- _What you will do_
Which lines of the data hold the word "exists"? Copy all of them.

Items from a dataset:

◇ ◇ ◇ ◇ ◇

(* Consider the system $\dot X=(1-Y)X$, $\dot Y=(X-U)Y$ on $\{X>0,Y>0\}$ and the function $$V(X,Y)=\Psi(1/X)+\Psi(Y/X).$$ Under the feedback $U=Y+\frac{Y-X}{Y}$, along closed-loop solutions $$\dot V=-\frac{(X-1)^2}{X}-\frac{(Y-X)^2}{XY},$$ which is negative definite on $\{X>0,Y>0\}$ with respect to $(1,1)$. Moreover, $V$ is positive definite with respect to $(1,1)$ and radially unbounded on the quadrant.
   Context: $\Psi(S)=S-1-\ln S$ for $S>0$. Radially unbounded on the quadrant means $V\to\infty$ as $(X,Y)$ approaches $\{X=0\}\cup\{Y=0\}$ or as $X+Y\to\infty$. *)

theory Defs
  imports Complex_Main
begin

definition Psi :: "real \<Rightarrow> real" where
  "Psi S = S - 1 - ln S"

definition Vfun :: "real \<Rightarrow> real \<Rightarrow> real" where
  "Vfun X Y = Psi (1 / X) + Psi (Y / X)"

definition Ufb :: "real \<Rightarrow> real \<Rightarrow> real" where
  "Ufb X Y = Y + (Y - X) / Y"

definition Vdot :: "real \<Rightarrow> real \<Rightarrow> real" where
  "Vdot X Y = - ((X - 1)^2 / X) - (Y - X)^2 / (X * Y)"

end

theory Submission
  imports Defs
begin

text \<open>Both summands of V are values of \<open>Psi \<ge> 0\<close>, which vanishes only at 1, so V is positive
  definite; \<open>Psi s \<ge> \<bar>ln s\<bar> - 1\<close> makes V dominate \<open>\<bar>ln X\<bar>\<close> and \<open>\<bar>ln Y\<bar>\<close>, which gives radial
  unboundedness.\<close>

lemma Psi_1 [simp]: "Psi 1 = 0"
  by (simp add: Psi_def)

lemma Psi_nonneg: "s > 0 \<Longrightarrow> Psi s \<ge> 0"
  using ln_le_minus_one[of s] by (simp add: Psi_def)

lemma Psi_pos: "s > 0 \<Longrightarrow> s \<noteq> 1 \<Longrightarrow> Psi s > 0"
  using ln_le_minus_one[of s] ln_eq_minus_one[of s] by (force simp: Psi_def)

lemma abs_ln_le_Psi:
  assumes "s > 0"
  shows "\<bar>ln s\<bar> \<le> Psi s + 1"
proof -
  have "ln s - ln 2 \<le> s / 2 - 1"
    using ln_le_minus_one[of "s / 2"] assms by (simp add: ln_div)
  then have "ln s \<le> Psi s + 1"
    using ln_2_less_1 by (simp add: Psi_def)
  moreover have "- ln s \<le> Psi s + 1"
    using assms by (simp add: Psi_def)
  ultimately show ?thesis
    by linarith
qed

lemma Vfun_1_1: "Vfun 1 1 = 0"
  by (simp add: Vfun_def)

lemma Vfun_pos:
  assumes "X > 0" "Y > 0" "(X, Y) \<noteq> (1, 1)"
  shows "Vfun X Y > 0"
proof -
  have "Psi (1 / X) \<ge> 0" "Psi (Y / X) \<ge> 0"
    using assms Psi_nonneg by auto
  moreover have "Psi (1 / X) > 0 \<or> Psi (Y / X) > 0"
    using assms Psi_pos by (cases "X = 1") auto
  ultimately show ?thesis
    by (auto simp: Vfun_def)
qed

lemma abs_ln_le_Vfun:
  assumes X: "X > 0" and Y: "Y > 0"
  shows "\<bar>ln X\<bar> \<le> Vfun X Y + 1" and "\<bar>ln Y\<bar> \<le> Vfun X Y + 2"
proof -
  have "\<bar>ln X\<bar> \<le> Psi (1 / X) + 1" and "\<bar>ln Y - ln X\<bar> \<le> Psi (Y / X) + 1"
    using abs_ln_le_Psi[of "1 / X"] abs_ln_le_Psi[of "Y / X"] X Y by (simp_all add: ln_div)
  then show "\<bar>ln X\<bar> \<le> Vfun X Y + 1" and "\<bar>ln Y\<bar> \<le> Vfun X Y + 2"
    using Psi_nonneg[of "Y / X"] X Y unfolding Vfun_def by auto
qed

lemma abs_ln_gt_if_far:
  fixes x c :: real
  assumes "x > 0" "x < exp (- c) \<or> x > exp c"
  shows "\<bar>ln x\<bar> > c"
proof -
  have "ln x < - c \<or> ln x > c"
    using assms ln_less_cancel_iff[of x "exp (- c)"] ln_less_cancel_iff[of "exp c" x] by auto
  then show ?thesis
    by linarith
qed

lemma Vfun_radially_unbounded:
  "\<exists>\<delta>>0. \<exists>R. \<forall>X Y. X > 0 \<longrightarrow> Y > 0 \<longrightarrow> (X < \<delta> \<or> Y < \<delta> \<or> X + Y > R) \<longrightarrow> Vfun X Y > M"
proof (intro exI conjI allI impI)
  fix X Y :: real
  assume X: "X > 0" and Y: "Y > 0"
    and far: "X < exp (- (M + 2)) \<or> Y < exp (- (M + 2)) \<or> X + Y > 2 * exp (M + 2)"
  then have "\<bar>ln X\<bar> > M + 2 \<or> \<bar>ln Y\<bar> > M + 2"
    using abs_ln_gt_if_far[OF X, of "M + 2"] abs_ln_gt_if_far[OF Y, of "M + 2"] by linarith
  then show "Vfun X Y > M"
    using abs_ln_le_Vfun[OF X Y] by linarith
qed simp

lemma Vfun_has_real_derivative:
  fixes x y :: "real \<Rightarrow> real"
  assumes "x t > 0" "y t > 0"
    and "(x has_real_derivative x') (at t)" "(y has_real_derivative y') (at t)"
  shows "((\<lambda>s. Vfun (x s) (y s)) has_real_derivative
           (2 - (1 + y t) / x t) * x' / x t + (1 / x t - 1 / y t) * y') (at t)"
  unfolding Vfun_def Psi_def
  apply (rule DERIV_cong)
   apply ((rule assms refl | rule derivative_eq_intros | use assms in simp)+)[1]
  using assms apply (simp add: field_simps)
  done

lemma closed_loop_Vdot:
  assumes "X > 0" "Y > 0"
  shows "(2 - (1 + Y) / X) * ((1 - Y) * X) / X + (1 / X - 1 / Y) * ((X - Ufb X Y) * Y) = Vdot X Y"
  using assms by (simp add: Vdot_def Ufb_def field_simps power2_eq_square)

lemma Vdot_1_1: "Vdot 1 1 = 0"
  by (simp add: Vdot_def)

lemma Vdot_neg:
  assumes "X > 0" "Y > 0" "(X, Y) \<noteq> (1, 1)"
  shows "Vdot X Y < 0"
proof -
  have "(X - 1)^2 / X \<ge> 0" "(Y - X)^2 / (X * Y) \<ge> 0"
    using assms by auto
  moreover have "(X - 1)^2 / X > 0 \<or> (Y - X)^2 / (X * Y) > 0"
    using assms by (cases "X = 1") auto
  ultimately show ?thesis
    by (auto simp: Vdot_def)
qed

theorem mainTheorem5:
  shows
   "(\<forall>(x::real\<Rightarrow>real) (y::real\<Rightarrow>real) (t::real).
        x t > 0 \<longrightarrow> y t > 0 \<longrightarrow>
        (x has_real_derivative ((1 - y t) * x t)) (at t) \<longrightarrow>
        (y has_real_derivative ((x t - Ufb (x t) (y t)) * y t)) (at t) \<longrightarrow>
        ((\<lambda>s. Vfun (x s) (y s)) has_real_derivative Vdot (x t) (y t)) (at t))
    \<and> Vdot 1 1 = 0
    \<and> (\<forall>X Y::real. X > 0 \<longrightarrow> Y > 0 \<longrightarrow> (X, Y) \<noteq> (1, 1) \<longrightarrow> Vdot X Y < 0)
    \<and> Vfun 1 1 = 0
    \<and> (\<forall>X Y::real. X > 0 \<longrightarrow> Y > 0 \<longrightarrow> (X, Y) \<noteq> (1, 1) \<longrightarrow> Vfun X Y > 0)
    \<and> (\<forall>M::real. \<exists>\<delta>>0. \<exists>R::real. \<forall>X Y::real. X > 0 \<longrightarrow> Y > 0 \<longrightarrow>
          (X < \<delta> \<or> Y < \<delta> \<or> X + Y > R) \<longrightarrow> Vfun X Y > M)"
proof (intro conjI allI impI)
  fix x y :: "real \<Rightarrow> real" and t :: real
  assume "x t > 0" "y t > 0"
    and "(x has_real_derivative ((1 - y t) * x t)) (at t)"
    and "(y has_real_derivative ((x t - Ufb (x t) (y t)) * y t)) (at t)"
  from Vfun_has_real_derivative[OF this] show
    "((\<lambda>s. Vfun (x s) (y s)) has_real_derivative Vdot (x t) (y t)) (at t)"
    unfolding closed_loop_Vdot[OF \<open>x t > 0\<close> \<open>y t > 0\<close>] .
qed (use Vdot_1_1 Vfun_1_1 Vdot_neg Vfun_pos Vfun_radially_unbounded in blast)+

end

◇ ◇ ◇ ◇ ◇

- _Completed task_
  "\<exists>\<delta>>0. \<exists>R. \<forall>X Y. X > 0 \<longrightarrow> Y > 0 \<longrightarrow> (X < \<delta> \<or> Y < \<delta> \<or> X + Y > R) \<longrightarrow> Vfun X Y > M"
    \<and> (\<forall>M::real. \<exists>\<delta>>0. \<exists>R::real. \<forall>X Y::real. X > 0 \<longrightarrow> Y > 0 \<longrightarrow>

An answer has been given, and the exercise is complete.